King Henry VIII
   

   

Henry VIII (28 June 1491 – 28 January 1547) was King of England and Lord of Ireland (later King of Ireland) from 22 April 1509 until his death. He was the second monarch of the Tudor dynasty, succeeding his father, Henry VII. He is famous for having been married six times and for wielding the most untrammelled power of any British monarch. Notable events during his reign included the break with Rome and the subsequent establishment of the independent Church of England (Anglican), the Dissolution of the Monasteries, and the union of England and Wales. 

Henry ascended the throne in 1509 upon his father's death. Catherine's father, the Aragonese King Ferdinand II, sought to control England through his daughter, and consequently insisted on her marriage to the new English King. Henry wed Catherine of Aragon about nine weeks after his accession on June 11, 1509 at Greenwich, despite the concerns of Pope Julius II and William Warham, the Archbishop of Canterbury, regarding the marriage's validity. They were both crowned at Westminster Abbey on 24 June 1509. Queen Catherine's first pregnancy ended in a miscarriage in 1510. She gave birth to a son, Henry, on January 1, 1511, but he only lived until February 22.

For two years after Henry's accession, Richard Fox, the Bishop of Winchester and Lord Privy Seal, and William Warham controlled matters of state. From 1511 onwards, however, power was held by the ecclesiastic Thomas Wolsey. In 1511, Henry joined the Holy League, a body of European rulers opposed to the French King Louis XII. The League also included such European rulers as Pope Julius II, the Holy Roman Emperor Maximilian I and Ferdinand II, with whom Henry also signed the Treaty of Westminster. Henry personally joined the English Army as they crossed the English Channel into France, and took part in sieges and battles.

In 1514, however, Ferdinand left the alliance, and the other parties made peace with the French. Irritation towards Spain led to discussion of a divorce with Queen Catherine. However, upon the accession of the French King Francis I in 1515, England and France grew antagonistic, and Henry reconciled with Ferdinand. In 1516, Queen Catherine gave birth to a girl, Mary, encouraging Henry that he could still have a male heir despite his wife's previous failed pregnancies (one stillbirth, one miscarriage, and two short-lived infants).

Ferdinand died in 1516, to be succeeded by his grandson (Queen Catherine's nephew) Charles. By October 1518, Wolsey had engineered the Papacy-led Treaty of London to resemble an English triumph of foreign diplomacy, placing England at the centre of a new European alliance with the ostensible aim of repelling Moorish invasions through Spain (This being the original intention of the Pope).

In 1519, when Maximilian also died, Wolsey, who was by that time a Cardinal, secretly proposed Henry as a candidate for the post of Holy Roman Emperor, though supporting the French King Francis in public. In the end, however, the prince-electors settled on Charles. The subsequent rivalry between Francis and Charles allowed Henry to act as a mediator between them.

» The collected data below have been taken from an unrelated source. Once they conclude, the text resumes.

definition line_poly :: "nat \<Rightarrow> nat \<Rightarrow> (nat \<Rightarrow> complex) \<Rightarrow> (nat \<Rightarrow> complex) \<Rightarrow>
    ((nat \<Rightarrow> nat) \<Rightarrow> complex) \<Rightarrow> complex poly"
  where "line_poly n d \<phi> \<psi> f = (\<Sum>\<beta>\<in>mons n d. smult (f \<beta>) (line_mon n \<phi> \<psi> \<beta>))"

definition line_contract :: "nat \<Rightarrow> nat \<Rightarrow> (nat \<Rightarrow> complex) \<Rightarrow> (nat \<Rightarrow> complex) \<Rightarrow>
    (nat \<times> (nat \<Rightarrow> nat) \<Rightarrow> complex) \<Rightarrow> complex poly"
  where "line_contract n d \<phi> \<psi> u = (\<Sum>l<n. smult (\<psi> l) (line_poly n d \<phi> \<psi> (\<lambda>\<beta>. u (l, \<beta>))))"

lemma smult_sum_right: "smult a (\<Sum>x\<in>A. f x) = (\<Sum>x\<in>A. smult a (f x))"
  by (induct A rule: infinite_finite_induct) (simp_all add: smult_add_right)

lemma line_mon_fun_upd_Suc:
  assumes "i < n"
  shows "line_mon n \<phi> \<psi> (\<alpha>(i := Suc (\<alpha> i))) = [:\<phi> i, \<psi> i:] * line_mon n \<phi> \<psi> \<alpha>"
proof -
  let ?p = "\<lambda>\<gamma> m. [:\<phi> m, \<psi> m:] ^ \<gamma> m"
  have split: "line_mon n \<phi> \<psi> \<gamma> = ?p \<gamma> i * (\<Prod>m\<in>{..<n} - {i}. ?p \<gamma> m)" for \<gamma>
    unfolding line_mon_def using assms by (simp add: prod.remove)
  have "(\<Prod>m\<in>{..<n} - {i}. ?p (\<alpha>(i := Suc (\<alpha> i))) m) = (\<Prod>m\<in>{..<n} - {i}. ?p \<alpha> m)"
    by (rule prod.cong) auto
  thus ?thesis unfolding split by (simp only: fun_upd_same power_Suc mult.assoc)
qed

lemma line_poly_sum:
  "line_poly n d \<phi> \<psi> (\<lambda>\<beta>. \<Sum>x\<in>X. f x \<beta>) = (\<Sum>x\<in>X. line_poly n d \<phi> \<psi> (f x))"
  unfolding line_poly_def smult_sum by (rule sum.swap)

lemma line_poly_scale: "line_poly n d \<phi> \<psi> (\<lambda>\<beta>. c * f \<beta>) = smult c (line_poly n d \<phi> \<psi> f)"
  unfolding line_poly_def by (simp add: smult_sum_right)

lemma line_poly_diff:
  "line_poly n d \<phi> \<psi> (\<lambda>\<beta>. f \<beta> - g \<beta>) = line_poly n d \<phi> \<psi> f - line_poly n d \<phi> \<psi> g"
  unfolding line_poly_def by (simp add: smult_diff_left sum_subtractf)

lemma line_poly_mulx:
  assumes "i < n"
  shows "line_poly n (Suc d) \<phi> \<psi> (mulx i f) = [:\<phi> i, \<psi> i:] * line_poly n d \<phi> \<psi> f"
proof -
  have "line_poly n (Suc d) \<phi> \<psi> (mulx i f)
      = (\<Sum>\<beta>\<in>{\<beta>\<in>mons n (Suc d). 0 < \<beta> i}. smult (f (\<beta>(i := \<beta> i - 1))) (line_mon n \<phi> \<psi> \<beta>))"
    unfolding line_poly_def sum.inter_filter[OF finite_mons]
    by (intro sum.cong refl) (simp add: mulx_def)
  also have "\<dots> = (\<Sum>\<alpha>\<in>mons n d. smult (f \<alpha>) (line_mon n \<phi> \<psi> (\<alpha>(i := Suc (\<alpha> i)))))"
    by (rule sum.reindex_bij_witness[of _ "\<lambda>\<alpha>. \<alpha>(i := Suc (\<alpha> i))" "\<lambda>\<beta>. \<beta>(i := \<beta> i - 1)"])
      (use assms in \<open>auto simp: fun_upd_pred_in_mons_iff[simplified] fun_upd_Suc_in_mons_iff\<close>)
  also have "\<dots> = [:\<phi> i, \<psi> i:] * line_poly n d \<phi> \<psi> f"
    using assms by (simp add: line_poly_def line_mon_fun_upd_Suc sum_distrib_left)
  finally show ?thesis .
qed

lemma line_contract_add:
  "line_contract n d \<phi> \<psi> (u + v) = line_contract n d \<phi> \<psi> u + line_contract n d \<phi> \<psi> v"
  unfolding line_contract_def line_poly_def
  by (simp add: smult_add_left smult_add_right sum.distrib)

lemma line_contract_scale:
  "line_contract n d \<phi> \<psi> (scaleF a u) = smult a (line_contract n d \<phi> \<psi> u)"
  unfolding line_contract_def scaleF_def line_poly_scale by (simp add: smult_sum_right mult.commute)

lemma pair2_eq_full_sum:
  assumes "k \<in> wedge2 n"
  shows "pair2 n \<phi> \<psi> k = (\<Sum>l<n. \<Sum>i<n. (\<phi> i * \<psi> l - \<phi> l * \<psi> i) * k (i, l))"
  unfolding pair2_def
proof (rule sum.cong[OF refl])
  fix l assume "l \<in> {..<n}"
  thus "(\<Sum>i<l. k (i, l) * (\<phi> i * \<psi> l - \<phi> l * \<psi> i)) = (\<Sum>i<n. (\<phi> i * \<psi> l - \<phi> l * \<psi> i) * k (i, l))"
    using assms by (intro sum.mono_neutral_cong_left) (auto simp: wedge2_def)
qed

lemma line_contract_koszul:
  assumes "\<And>\<alpha>. (\<lambda>ij. t (ij, \<alpha>)) \<in> wedge2 n"
  shows "line_contract n (Suc q) \<phi> \<psi> (koszul n t) = line_poly n q \<phi> \<psi> (\<lambda>\<alpha>. pair2 n \<phi> \<psi> (\<lambda>ij. t (ij, \<alpha>)))"
proof -
  define R where "R = (\<lambda>i l. line_poly n q \<phi> \<psi> (\<lambda>\<alpha>. t ((i, l), \<alpha>)))"
  define L where "L = (\<lambda>i. [:\<phi> i, \<psi> i:])"
  have "line_poly n (Suc q) \<phi> \<psi> (\<lambda>\<beta>. koszul n t (l, \<beta>)) = (\<Sum>i<n. L i * (R i l - R l i))" for l
  proof -
    have koszul_l: "(\<lambda>\<beta>. koszul n t (l, \<beta>)) = (\<lambda>\<beta>. \<Sum>i<n. mulx i (\<lambda>\<alpha>. t ((i, l), \<alpha>) - t ((l, i), \<alpha>)) \<beta>)"
      by (simp add: koszul_def)
    show ?thesis
      unfolding koszul_l line_poly_sum by (intro sum.cong refl) (simp add: line_poly_mulx line_poly_diff L_def R_def)
  qed
  hence "line_contract n (Suc q) \<phi> \<psi> (koszul n t) = (\<Sum>l<n. \<Sum>i<n. smult (\<psi> l) (L i * (R i l - R l i)))"
    by (simp add: line_contract_def smult_sum_right)
  also have "\<dots> = (\<Sum>l<n. \<Sum>i<n. smult (\<psi> l) (L i) * R i l) - (\<Sum>l<n. \<Sum>i<n. smult (\<psi> i) (L l) * R i l)"
    by (simp add: right_diff_distrib smult_diff_right sum_subtractf sum.swap[of "\<lambda>l i. smult (\<psi> l) (L i * R l i)"])
  also have "\<dots> = (\<Sum>l<n. \<Sum>i<n. (smult (\<psi> l) (L i) - smult (\<psi> i) (L l)) * R i l)"
    by (simp only: left_diff_distrib sum_subtractf)
  also have "\<dots> = (\<Sum>l<n. \<Sum>i<n. smult (\<phi> i * \<psi> l - \<phi> l * \<psi> i) (R i l))"
  proof -
    \<comment> \<open>the terms linear in t cancel\<close>
    have "smult (\<psi> l) (L i) - smult (\<psi> i) (L l) = [:\<phi> i * \<psi> l - \<phi> l * \<psi> i:]" for i l
      by (simp add: L_def algebra_simps)
    thus ?thesis by simp
  qed
  also have "\<dots> = line_poly n q \<phi> \<psi> (\<lambda>\<alpha>. pair2 n \<phi> \<psi> (\<lambda>ij. t (ij, \<alpha>)))"
    by (simp add: pair2_eq_full_sum[OF assms] line_poly_sum line_poly_scale R_def)
  finally show ?thesis .
qed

Henry VIII came to hold the balance of power in Europe. Both Francis and Charles sought Henry's favour, the former in a dazzling and spectacular manner at the Field of Cloth of Gold, and the latter more solemnly at Kent. After 1521, however, England's influence in Europe began to wane. Henry entered into an alliance with Charles V, and Francis I was quickly defeated. Charles' reliance on Henry subsided, as did England's power in Europe.

It is interesting to note that Henry's interest in European affairs extended to the attack on Luther's German revolution. In 1521, he dedicated his Defence of the Seven Sacraments, which earned him the title of "Defender of the Faith." Prior to this, his title had been "inclitissmus," meaning "infamous." The later title was maintained even after his break with Rome, and is still used by the monarch today.